• [Work required]:
Reproduce the data in its entirety, exactly as written.

• [Study material]:

(* Let $\mathcal L$ be a differential Seely category with comonad $(!,\mathbf d,\mathbf p)$ and let $\mathcal L_!$ be its co-Kleisli category. Then the canonical linear-non-linear adjunction between $\mathcal L_!$ and $\mathcal L$ (with $\mathcal F:\mathcal L_!\to\mathcal L$, $A\mapsto !A$, $f\mapsto\mathbf p_A;!f$ for $f:!A\to B$, and $\mathcal U:\mathcal L\to\mathcal L_!$, $A\mapsto A$, $u\mapsto\mathbf d_A;u$) is a generalised differential Seely category, i.e. it admits a functor $\mathcal T:\mathcal L_!\to LS(\mathcal L_!)$ satisfying axioms (t.1), (t.2), (t.3).
   Context: Composition is diagrammatic ($f;g$ = $f$ then $g$); monoidal categories are strict. Differential Seely category: an additive symmetric monoidal category $(\mathcal L,\otimes,1)$ (enriched over commutative monoids with $\otimes$ bilinear and preserving $0$) with finite products, which are biproducts $\oplus$ (projections $\pi_i$, injections $\iota_i$), and a comonad $(!,\mathbf d,\mathbf p)$ with Seely isomorphisms $!(A\oplus B)\cong!A\otimes!B$, $!0\cong1$ (so the co-Kleisli category $\mathcal L_!$ is cartesian, with products $\oplus$, and the co-Kleisli adjunction is a symmetric monoidal adjunction; each $!A$ is a commutative comonoid with contraction $\mathbf c_A$ and weakening $\mathbf w_A$), together with a natural $\partial_A:!A\otimes A\to!A$ satisfying: $\partial_A;\mathbf w_A=0$; $\partial_A;\mathbf c_A=(\mathbf c_A\otimes\mathrm{id}_A);[(\mathrm{id}_{!A}\otimes\partial_A)+(\mathrm{id}_{!A}\otimes\sigma_{!A,A};\partial_A\otimes\mathrm{id}_{!A})]$; $\partial_A;\mathbf d_A=\mathbf w_A\otimes\mathrm{id}_A$; $\partial_A;\mathbf p_A=(\mathbf c_A\otimes\mathrm{id}_A);(\mathbf p_A\otimes\partial_A);\partial_{!A}$; $(\mathrm{id}_{!A}\otimes\sigma_{A,A});(\partial_A\otimes\mathrm{id}_A);\partial_A=(\partial_A\otimes\mathrm{id}_A);\partial_A$. General notions, for an LNL adjunction $\mathcal F\dashv\mathcal U$, $\mathcal F:\mathscr C\to\mathcal L$, between a cartesian $(\mathscr C,\times,I)$ and symmetric monoidal $(\mathcal L,\otimes,1)$, with $\mathcal U$ lax monoidal via $n_{A,B}:\mathcal U(A)\times\mathcal U(B)\to\mathcal U(A\otimes B)$, $\mathcal F$ strong monoidal via $m_{X,Y}:\mathcal F(X)\otimes\mathcal F(Y)\to\mathcal F(X\times Y)$, $m_1:1\to\mathcal F(I)$, unit $\eta$: $\mathbf c_X:=\mathcal F(\Delta_X);m_{X,X}^{-1}$, $\mathbf w_X:=\mathcal F(t_X);m_1^{-1}$ ($t_X$ terminal). $LS(\mathscr C)$ has objects $(X,A)$ ($X\in\mathscr C$, $A\in\mathcal L$), morphisms $(f,u):(X,A)\to(Y,B)$ with $f:X\to Y$, $u:\mathcal F(X)\otimes A\to B$, composition $(f,u);(g,v)=(f;g,(\mathbf c_X\otimes\mathrm{id}_A);(\mathcal F(f)\otimes u);v)$, identity $(\mathrm{id}_X,\mathbf w_X\otimes\mathrm{id}_A)$, projection $\mathbf{ls}(f,u)=f$; when $\mathcal L$ has biproducts, $LS(\mathscr C)$ has products $(X,A)\times(Y,B)=(X\times Y,A\oplus B)$ with projections $(\pi_i,\mathbf w_{X\times Y}\otimes\pi_i)$. Axioms for $\mathcal T:\mathscr C\to LS(\mathscr C)$: (t.1) $\mathbf{ls}\circ\mathcal T=\mathrm{id}$ (so $\mathcal T(X)=(X,\lambda(X))$) and $\varphi_{X,Y}:=\langle\mathcal T(\pi_1),\mathcal T(\pi_2)\rangle:\mathcal T(X\times Y)\to(X\times Y,\lambda(X)\oplus\lambda(Y))$ is an isomorphism; (t.2) $\mathcal T(\mathcal U(A))=(\mathcal U(A),A)$; (t.3) with $i^{X,Y}_2:=(\mathrm{id}_{X\times Y},\mathbf w_{X\times Y}\otimes\iota_2);\varphi_{X,Y}^{-1}$, $⦃(f,u)⦄:=\langle\pi_1;f,(\eta_X\times\mathrm{id}_{\mathcal U(A)});n_{\mathcal F(X),A};\mathcal U(u)\rangle:X\times\mathcal U(A)\to Y\times\mathcal U(B)$, $W(f,u):=(⦃(f,u)⦄,(\mathcal F(\pi_1)\otimes\mathrm{id}_A);u):(X\times\mathcal U(A),A)\to(Y\times\mathcal U(B),B)$: $W(f,u);i^{Y,\mathcal U(B)}_2=i^{X,\mathcal U(A)}_2;\mathcal T(⦃(f,u)⦄)$ for all $(f,u):(X,A)\to(Y,B)$. A GDSC is such an LNL with $\mathcal L$ additive with finite products and such a $\mathcal T$. *)

theory Defs
  imports Main
begin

• [Output of the task]:
(* Let $\mathcal L$ be a differential Seely category with comonad $(!,\mathbf d,\mathbf p)$ and let $\mathcal L_!$ be its co-Kleisli category. Then the canonical linear-non-linear adjunction between $\mathcal L_!$ and $\mathcal L$ (with $\mathcal F:\mathcal L_!\to\mathcal L$, $A\mapsto !A$, $f\mapsto\mathbf p_A;!f$ for $f:!A\to B$, and $\mathcal U:\mathcal L\to\mathcal L_!$, $A\mapsto A$, $u\mapsto\mathbf d_A;u$) is a generalised differential Seely category, i.e. it admits a functor $\mathcal T:\mathcal L_!\to LS(\mathcal L_!)$ satisfying axioms (t.1), (t.2), (t.3).
   Context: Composition is diagrammatic ($f;g$ = $f$ then $g$); monoidal categories are strict. Differential Seely category: an additive symmetric monoidal category $(\mathcal L,\otimes,1)$ (enriched over commutative monoids with $\otimes$ bilinear and preserving $0$) with finite products, which are biproducts $\oplus$ (projections $\pi_i$, injections $\iota_i$), and a comonad $(!,\mathbf d,\mathbf p)$ with Seely isomorphisms $!(A\oplus B)\cong!A\otimes!B$, $!0\cong1$ (so the co-Kleisli category $\mathcal L_!$ is cartesian, with products $\oplus$, and the co-Kleisli adjunction is a symmetric monoidal adjunction; each $!A$ is a commutative comonoid with contraction $\mathbf c_A$ and weakening $\mathbf w_A$), together with a natural $\partial_A:!A\otimes A\to!A$ satisfying: $\partial_A;\mathbf w_A=0$; $\partial_A;\mathbf c_A=(\mathbf c_A\otimes\mathrm{id}_A);[(\mathrm{id}_{!A}\otimes\partial_A)+(\mathrm{id}_{!A}\otimes\sigma_{!A,A};\partial_A\otimes\mathrm{id}_{!A})]$; $\partial_A;\mathbf d_A=\mathbf w_A\otimes\mathrm{id}_A$; $\partial_A;\mathbf p_A=(\mathbf c_A\otimes\mathrm{id}_A);(\mathbf p_A\otimes\partial_A);\partial_{!A}$; $(\mathrm{id}_{!A}\otimes\sigma_{A,A});(\partial_A\otimes\mathrm{id}_A);\partial_A=(\partial_A\otimes\mathrm{id}_A);\partial_A$. General notions, for an LNL adjunction $\mathcal F\dashv\mathcal U$, $\mathcal F:\mathscr C\to\mathcal L$, between a cartesian $(\mathscr C,\times,I)$ and symmetric monoidal $(\mathcal L,\otimes,1)$, with $\mathcal U$ lax monoidal via $n_{A,B}:\mathcal U(A)\times\mathcal U(B)\to\mathcal U(A\otimes B)$, $\mathcal F$ strong monoidal via $m_{X,Y}:\mathcal F(X)\otimes\mathcal F(Y)\to\mathcal F(X\times Y)$, $m_1:1\to\mathcal F(I)$, unit $\eta$: $\mathbf c_X:=\mathcal F(\Delta_X);m_{X,X}^{-1}$, $\mathbf w_X:=\mathcal F(t_X);m_1^{-1}$ ($t_X$ terminal). $LS(\mathscr C)$ has objects $(X,A)$ ($X\in\mathscr C$, $A\in\mathcal L$), morphisms $(f,u):(X,A)\to(Y,B)$ with $f:X\to Y$, $u:\mathcal F(X)\otimes A\to B$, composition $(f,u);(g,v)=(f;g,(\mathbf c_X\otimes\mathrm{id}_A);(\mathcal F(f)\otimes u);v)$, identity $(\mathrm{id}_X,\mathbf w_X\otimes\mathrm{id}_A)$, projection $\mathbf{ls}(f,u)=f$; when $\mathcal L$ has biproducts, $LS(\mathscr C)$ has products $(X,A)\times(Y,B)=(X\times Y,A\oplus B)$ with projections $(\pi_i,\mathbf w_{X\times Y}\otimes\pi_i)$. Axioms for $\mathcal T:\mathscr C\to LS(\mathscr C)$: (t.1) $\mathbf{ls}\circ\mathcal T=\mathrm{id}$ (so $\mathcal T(X)=(X,\lambda(X))$) and $\varphi_{X,Y}:=\langle\mathcal T(\pi_1),\mathcal T(\pi_2)\rangle:\mathcal T(X\times Y)\to(X\times Y,\lambda(X)\oplus\lambda(Y))$ is an isomorphism; (t.2) $\mathcal T(\mathcal U(A))=(\mathcal U(A),A)$; (t.3) with $i^{X,Y}_2:=(\mathrm{id}_{X\times Y},\mathbf w_{X\times Y}\otimes\iota_2);\varphi_{X,Y}^{-1}$, $⦃(f,u)⦄:=\langle\pi_1;f,(\eta_X\times\mathrm{id}_{\mathcal U(A)});n_{\mathcal F(X),A};\mathcal U(u)\rangle:X\times\mathcal U(A)\to Y\times\mathcal U(B)$, $W(f,u):=(⦃(f,u)⦄,(\mathcal F(\pi_1)\otimes\mathrm{id}_A);u):(X\times\mathcal U(A),A)\to(Y\times\mathcal U(B),B)$: $W(f,u);i^{Y,\mathcal U(B)}_2=i^{X,\mathcal U(A)}_2;\mathcal T(⦃(f,u)⦄)$ for all $(f,u):(X,A)\to(Y,B)$. A GDSC is such an LNL with $\mathcal L$ additive with finite products and such a $\mathcal T$. *)

theory Defs
  imports Main
begin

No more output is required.